Lepton: Please help me out with the grammar here. Does this sentence mean that Zoroastrianism, Christianity, and Manicheanism reflect strong influence from Gnosticism; or does it mean that Zoroastrianism, Christianity, and Gnostism strongly affected Manicheanism?
Zoroastrianism seems to have had a direct impact on Judaism -- evident with Judaic theology before and after the exile. The dualistic and messianic concepts seem to have been incorporated after that along with a clearer picture of the after-life.
Christ himself was visited by Magi -- Persian 'priests'.

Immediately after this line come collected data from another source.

(* Let $\alpha,\beta>0$. For nonnegative, a.e.-finite, measurable functions $f,g$ on $(0,\infty)$ define $$ \underline{\mu}_{\alpha}(f) := \int_0^\infty\operatorname{ess\,sup}_{0<s\leq r} f(s)\,\frac{dr}{r^{1+\alpha}} \,, \qquad \overline{\mu}_{\beta}(f) := \int_0^\infty\operatorname{ess\,sup}_{r\leq s<\infty} f(s)\,\frac{dr}{r^{1-\beta}} \,, $$ $$ \overline{\nu}_\alpha(g) := \sup_{r>0} r^{\alpha} \int_r^\infty g(s) \,ds \,, \qquad \underline{\nu}_\beta(g) := \sup_{r>0} r^{-\beta} \int_0^r g(s) \,ds \,. $$ Then, for any nonnegative, measurable function $f$ on $(0,\infty)$, $$ \sup\left\{ \int_0^\infty fg\,dr:\ g\geq 0 \,,\ \overline\nu_\alpha(g) \leq 1 \right\} = \alpha\, \underline\mu_\alpha(f) \quad\text{and}\quad \sup\left\{ \int_0^\infty fg\,dr:\ g\geq 0\,,\ \underline\nu_\beta(g) \leq 1 \right\} = \beta\, \overline\mu_\beta(f) \,, $$ and conversely, for any nonnegative, measurable function $g$ on $(0,\infty)$, $$ \sup\left\{ \int_0^\infty fg\,dr:\ f\geq 0\,,\ \underline\mu_\alpha(f) \leq 1 \right\} = \alpha\, \overline\nu_\alpha(g) \quad\text{and}\quad \sup\left\{ \int_0^\infty fg\,dr:\ f\geq 0\,,\ \overline\mu_\beta(f) \leq 1 \right\} = \beta\, \underline\nu_\beta(g) \,. $$ (The suprema are over nonnegative measurable functions on $(0,\infty)$.) *)

theory Defs
  imports "HOL-Analysis.Analysis" "HOL-Probability.Essential_Supremum"
begin

definition M0 :: "real measure" where
  "M0 = restrict_space lborel {0<..}"

text \<open>Nonnegative (real-valued, hence finite) measurable functions on (0,\<infinity>).\<close>
definition nonneg_meas :: "(real \<Rightarrow> real) \<Rightarrow> bool" where
  "nonneg_meas f \<longleftrightarrow> f \<in> borel_measurable M0 \<and> (\<forall>r>0. 0 \<le> f r)"

definition mu_low :: "real \<Rightarrow> (real \<Rightarrow> real) \<Rightarrow> ennreal" where
  "mu_low \<alpha> f = (\<integral>\<^sup>+ r. esssup (restrict_space lborel {0<..r}) (\<lambda>s. ennreal (f s))
                        * ennreal (1 / r powr (1 + \<alpha>)) \<partial>M0)"

definition mu_up :: "real \<Rightarrow> (real \<Rightarrow> real) \<Rightarrow> ennreal" where
  "mu_up \<beta> f = (\<integral>\<^sup>+ r. esssup (restrict_space lborel {r..}) (\<lambda>s. ennreal (f s))
                        * ennreal (1 / r powr (1 - \<beta>)) \<partial>M0)"

definition nu_up :: "real \<Rightarrow> (real \<Rightarrow> real) \<Rightarrow> ennreal" where
  "nu_up \<alpha> g = (SUP r\<in>{0<..}. ennreal (r powr \<alpha>) * (\<integral>\<^sup>+ s\<in>{r<..}. ennreal (g s) \<partial>lborel))"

The Roman Empire was the scene for two competing religions in the early years of our era -- Christianity and Mithraism (an offshoot of Zoroastrianism). Manichaenism seems to have drawn on this as well as Gnostic philosophy (while Gnostic philosophy itself is a synthesis of Christian and hindu/buddhist thought (the idea that the world is an illusion, of multiple worlds etc.))
8 posted on
11/09/2004 10:21:56 PM PST by
Cronos
(W2K4)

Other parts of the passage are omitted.